I think meal planning is ridiculous. It's just another unnecessary expense. If I'm going to cook, I might as well plan the meals. It's not that hard to come up with 5 dishes before you go grocery shopping. I'd rather buy new cook books than paying for meal planning. Different strokes for different folks. :)

Guest's picture
Edward

Ummm... Maybe it's just me, but personally I don't think it's very frugal to pay a web site to plan your meals and then pay someone else to deliver produce? Strange article to have on a personal finance site.

Is there any chance you can join the Fresh 20, get two months worth of recipes, then quit the site?

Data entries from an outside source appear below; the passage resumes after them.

(* Fix $N\ge1$, $B>0$, $a_{\max}>0$, and for each $n$: $a_n\ge0$, $\zeta_n\in(0,1]$, $\beta_n\ge0$, integers $\tau_n\ge1$, $D_n\ge1$. Call a pair of vectors $(\mathbf p,\mathbf q)\in[0,1]^N\times[0,1]^N$ admissible if $0\le q_n<p_n\le1$ and $q_n\le a_n/a_{\max}\le p_n$ for all $n$. For admissible $(\mathbf p,\mathbf q)$ let $\phi_I^*(\mathbf p,\mathbf q)=\min_{\lambda\ge0}g_I(\lambda;\mathbf p,\mathbf q)$, where $g_I$ is defined below. Then: (i) for fixed $\mathbf p$, if $(\mathbf p,\mathbf q)$ and $(\mathbf p,\mathbf q')$ are admissible and $\mathbf q\le\mathbf q'$ componentwise, then $\phi_I^*(\mathbf p,\mathbf q)\ge\phi_I^*(\mathbf p,\mathbf q')$; (ii) if $(\mathbf p,\mathbf 0)$ and $(\mathbf p',\mathbf 0)$ are admissible and $\mathbf p\le\mathbf p'$ componentwise, then $\phi_I^*(\mathbf p,\mathbf 0)\le\phi_I^*(\mathbf p',\mathbf 0)$.
   Context: Put $\tilde a_n=\frac{a_n-a_{\max}q_n}{p_n-q_n}$. For $\lambda\ge0$ and $n$ with $\zeta_n\beta_n>\lambda$, let $c_n(\lambda)=\frac{\lambda}{(\zeta_n\beta_n-\lambda)(1-\zeta_n)^{\tau_n}+\lambda}$ and $v_n(\lambda)=p_n\frac{1-(1-\zeta_n)^{\tau_n}}{\zeta_n}(\zeta_n\beta_n-\lambda)$ if $p_n\le c_n(\lambda)$, and $v_n(\lambda)=-(1-p_n)\frac{1-(1-\zeta_n)^{D_n}}{\zeta_n}\lambda+p_n\frac{1-(1-\zeta_n)^{\tau_n+D_n}}{\zeta_n}(\zeta_n\beta_n-\lambda)$ if $p_n>c_n(\lambda)$. Define $g_I(\lambda;\mathbf p,\mathbf q)=\lambda B+\sum_{n:\ \zeta_n\beta_n>\lambda}\big[\tilde a_n v_n(\lambda)+(a_{\max}-\tilde a_n)q_n\frac{1-(1-\zeta_n)^{\tau_n}}{\zeta_n}(\zeta_n\beta_n-\lambda)\big]$. This is the Lagrange dual function of the weighted timely-throughput problem with static channels, binary resource levels and imperfect prediction with true-positive rates $\mathbf p$ and false-negative rates $\mathbf q$; $\phi_I^*$ is the optimal weighted timely-throughput. *)

theory Defs
  imports Complex_Main
begin

definition atil :: "real \<Rightarrow> real \<Rightarrow> real \<Rightarrow> real \<Rightarrow> real" where
  "atil an amax pn qn = (an - amax * qn) / (pn - qn)"

definition cthr :: "real \<Rightarrow> real \<Rightarrow> nat \<Rightarrow> real \<Rightarrow> real" where
  "cthr z b t l = l / ((z * b - l) * (1 - z) ^ t + l)"

definition vval :: "real \<Rightarrow> real \<Rightarrow> nat \<Rightarrow> nat \<Rightarrow> real \<Rightarrow> real \<Rightarrow> real" where
  "vval z b t d pn l =
     (if pn \<le> cthr z b t l
      then pn * ((1 - (1 - z) ^ t) / z) * (z * b - l)
      else - (1 - pn) * ((1 - (1 - z) ^ d) / z) * l
           + pn * ((1 - (1 - z) ^ (t + d)) / z) * (z * b - l))"

definition gI :: "nat \<Rightarrow> real \<Rightarrow> real \<Rightarrow> (nat \<Rightarrow> real) \<Rightarrow> (nat \<Rightarrow> real) \<Rightarrow> (nat \<Rightarrow> real)
    \<Rightarrow> (nat \<Rightarrow> nat) \<Rightarrow> (nat \<Rightarrow> nat) \<Rightarrow> (nat \<Rightarrow> real) \<Rightarrow> (nat \<Rightarrow> real) \<Rightarrow> real \<Rightarrow> real" where
  "gI N B amax a zeta beta tau D p q l =
     l * B + (\<Sum>n\<in>{n. n < N \<and> zeta n * beta n > l}.
        atil (a n) amax (p n) (q n) * vval (zeta n) (beta n) (tau n) (D n) (p n) l
        + (amax - atil (a n) amax (p n) (q n)) * q n
            * ((1 - (1 - zeta n) ^ tau n) / zeta n) * (zeta n * beta n - l))"

definition phiI :: "nat \<Rightarrow> real \<Rightarrow> real \<Rightarrow> (nat \<Rightarrow> real) \<Rightarrow> (nat \<Rightarrow> real) \<Rightarrow> (nat \<Rightarrow> real)
    \<Rightarrow> (nat \<Rightarrow> nat) \<Rightarrow> (nat \<Rightarrow> nat) \<Rightarrow> (nat \<Rightarrow> real) \<Rightarrow> (nat \<Rightarrow> real) \<Rightarrow> real" where
  "phiI N B amax a zeta beta tau D p q = (INF l\<in>{0..}. gI N B amax a zeta beta tau D p q l)"

definition admissible :: "nat \<Rightarrow> real \<Rightarrow> (nat \<Rightarrow> real) \<Rightarrow> (nat \<Rightarrow> real) \<Rightarrow> (nat \<Rightarrow> real) \<Rightarrow> bool" where
  "admissible N amax a p q \<longleftrightarrow>
     (\<forall>n<N. 0 \<le> q n \<and> q n < p n \<and> p n \<le> 1 \<and> q n \<le> a n / amax \<and> a n / amax \<le> p n)"

end

theory Submission
  imports Defs
begin

text \<open>Under admissibility both weights \<open>atil\<close> and \<open>amax - atil\<close> are nonnegative and \<open>v_n\<close>
  dominates its short-horizon branch, so every summand of the dual function is nonnegative and
  the infimum defining \<open>\<phi>_I\<close> is finite; it then suffices to compare the dual functions pointwise.
  Writing \<open>atil\<close> out, the \<open>n\<close>-th summand is an affine function of \<open>1/(p_n - q_n)\<close>
  with nonpositive coefficient, hence nonincreasing in \<open>q_n\<close>. For \<open>q = 0\<close> the summand is
  \<open>a_n v_n/p_n\<close>, the maximum of two expressions that are nondecreasing in \<open>p_n\<close>.\<close>

lemma geometric_tail_nonneg:
  fixes z :: real
  assumes "0 < z" "z \<le> 1"
  shows "0 \<le> (1 - (1 - z) ^ t) / z"
  using assms by (auto intro!: divide_nonneg_pos power_le_one)

lemma vval_eq_max:
  fixes z b l p :: real and t d :: nat
  assumes z: "0 < z" "z \<le> 1" and l: "0 \<le> l" "l < z * b"
  shows "vval z b t d p l = max (p * ((1 - (1 - z) ^ t) / z) * (z * b - l))
     (- (1 - p) * ((1 - (1 - z) ^ d) / z) * l + p * ((1 - (1 - z) ^ (t + d)) / z) * (z * b - l))"
    (is "_ = max ?short ?long")
proof -
  define den where "den = (z * b - l) * (1 - z) ^ t + l"
  define KD where "KD = (1 - (1 - z) ^ d) / z"
  have long_eq: "?long = ?short + KD * (p * den - l)"
    unfolding KD_def den_def using z by (simp add: power_add field_simps)
  have "0 \<le> KD"
    unfolding KD_def using z by (rule geometric_tail_nonneg)
  have den_ge: "l \<le> den" "0 \<le> (z * b - l) * (1 - z) ^ t"
    unfolding den_def using z l by auto
  show ?thesis
  proof (cases "den = 0")
    case True
    then have "?long = ?short"
      using den_ge l long_eq by simp
    then show ?thesis unfolding vval_def by simp
  next
    case False
    then have "0 < den" using den_ge l by simp
    then have threshold: "p \<le> cthr z b t l \<longleftrightarrow> p * den \<le> l"
      unfolding cthr_def den_def[symmetric] by (simp add: pos_le_divide_eq)
    show ?thesis
    proof (cases "p * den \<le> l")
      case True
      then have "KD * (p * den - l) \<le> 0"
        using \<open>0 \<le> KD\<close> by (simp add: mult_nonneg_nonpos)
      then show ?thesis
        using True threshold long_eq unfolding vval_def by simp
    next
      case False
      then have "0 \<le> KD * (p * den - l)"
        using \<open>0 \<le> KD\<close> by simp
      then show ?thesis
        using False threshold long_eq unfolding vval_def by simp
    qed
  qed
qed

definition dual_summand :: "real \<Rightarrow> real \<Rightarrow> real \<Rightarrow> real \<Rightarrow> nat \<Rightarrow> nat \<Rightarrow> real \<Rightarrow> real \<Rightarrow> real \<Rightarrow> real" where
  "dual_summand an amax z b t d pn qn l =
     atil an amax pn qn * vval z b t d pn l
     + (amax - atil an amax pn qn) * qn * ((1 - (1 - z) ^ t) / z) * (z * b - l)"

lemma gI_eq_sum_dual_summand:
  "gI N B amax a zeta beta tau D p q l = l * B + (\<Sum>n\<in>{n. n < N \<and> zeta n * beta n > l}.
     dual_summand (a n) amax (zeta n) (beta n) (tau n) (D n) (p n) (q n) l)"
  unfolding gI_def dual_summand_def ..

lemma atil_weighted_sum_eq:
  fixes A M p x V W :: real
  assumes "x < p"
  shows "atil A M p x * V + (M - atil A M p x) * x * W
    = M * V + (A - M * p) * W + (A - M * p) * (V - p * W) / (p - x)"
proof -
  have "p - x \<noteq> 0" using assms by simp
  then show ?thesis
    unfolding atil_def by (simp add: divide_simps) (simp add: algebra_simps)
qed

lemma dual_summand_nonneg:
  fixes amax an z b pn qn l :: real
  assumes z: "0 < z" "z \<le> 1" and l: "0 \<le> l" "l < z * b"
    and q: "0 \<le> qn" "qn < pn" and a: "amax * qn \<le> an" "an \<le> amax * pn"
  shows "0 \<le> dual_summand an amax z b t d pn qn l"
proof -
  have "0 \<le> atil an amax pn qn"
    unfolding atil_def using q a by simp
  moreover have "amax - atil an amax pn qn = (amax * pn - an) / (pn - qn)"
    unfolding atil_def using q by (simp add: field_simps)
  then have "0 \<le> amax - atil an amax pn qn"
    using q a by simp
  moreover have "0 \<le> pn * ((1 - (1 - z) ^ t) / z) * (z * b - l)"
    using geometric_tail_nonneg[OF z, of t] q l by (intro mult_nonneg_nonneg) auto
  then have "0 \<le> vval z b t d pn l"
    unfolding vval_eq_max[OF z l] by linarith
  ultimately show ?thesis
    unfolding dual_summand_def using geometric_tail_nonneg[OF z, of t] q l
    by (intro add_nonneg_nonneg mult_nonneg_nonneg) auto
qed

Or take that $10 and go to a used bookstore and buy one of thousands of used "simple recipe" cookbooks for $5?

Taken as a whole, the "life is busy enough" argument is what's making a lot people broke--they pay for house cleaners, car washes, restaurants, etc., instead of doing it themselves.

Julie Rains's picture

I've thought about using a meal planner b/c as you mention it saves time and can save money. And planning meals at first is great but after a couple of decades, it gets tiresome.

But the meals I've seen (they showed mean examples) didn't appeal to me so I have opted not to try them. Still, it's something I may try in the future and like the idea of buying just 20 items and keeping 20 items in the pantry.

Julie Rains's picture

ha -- I meant "menu" examples, not mean examples.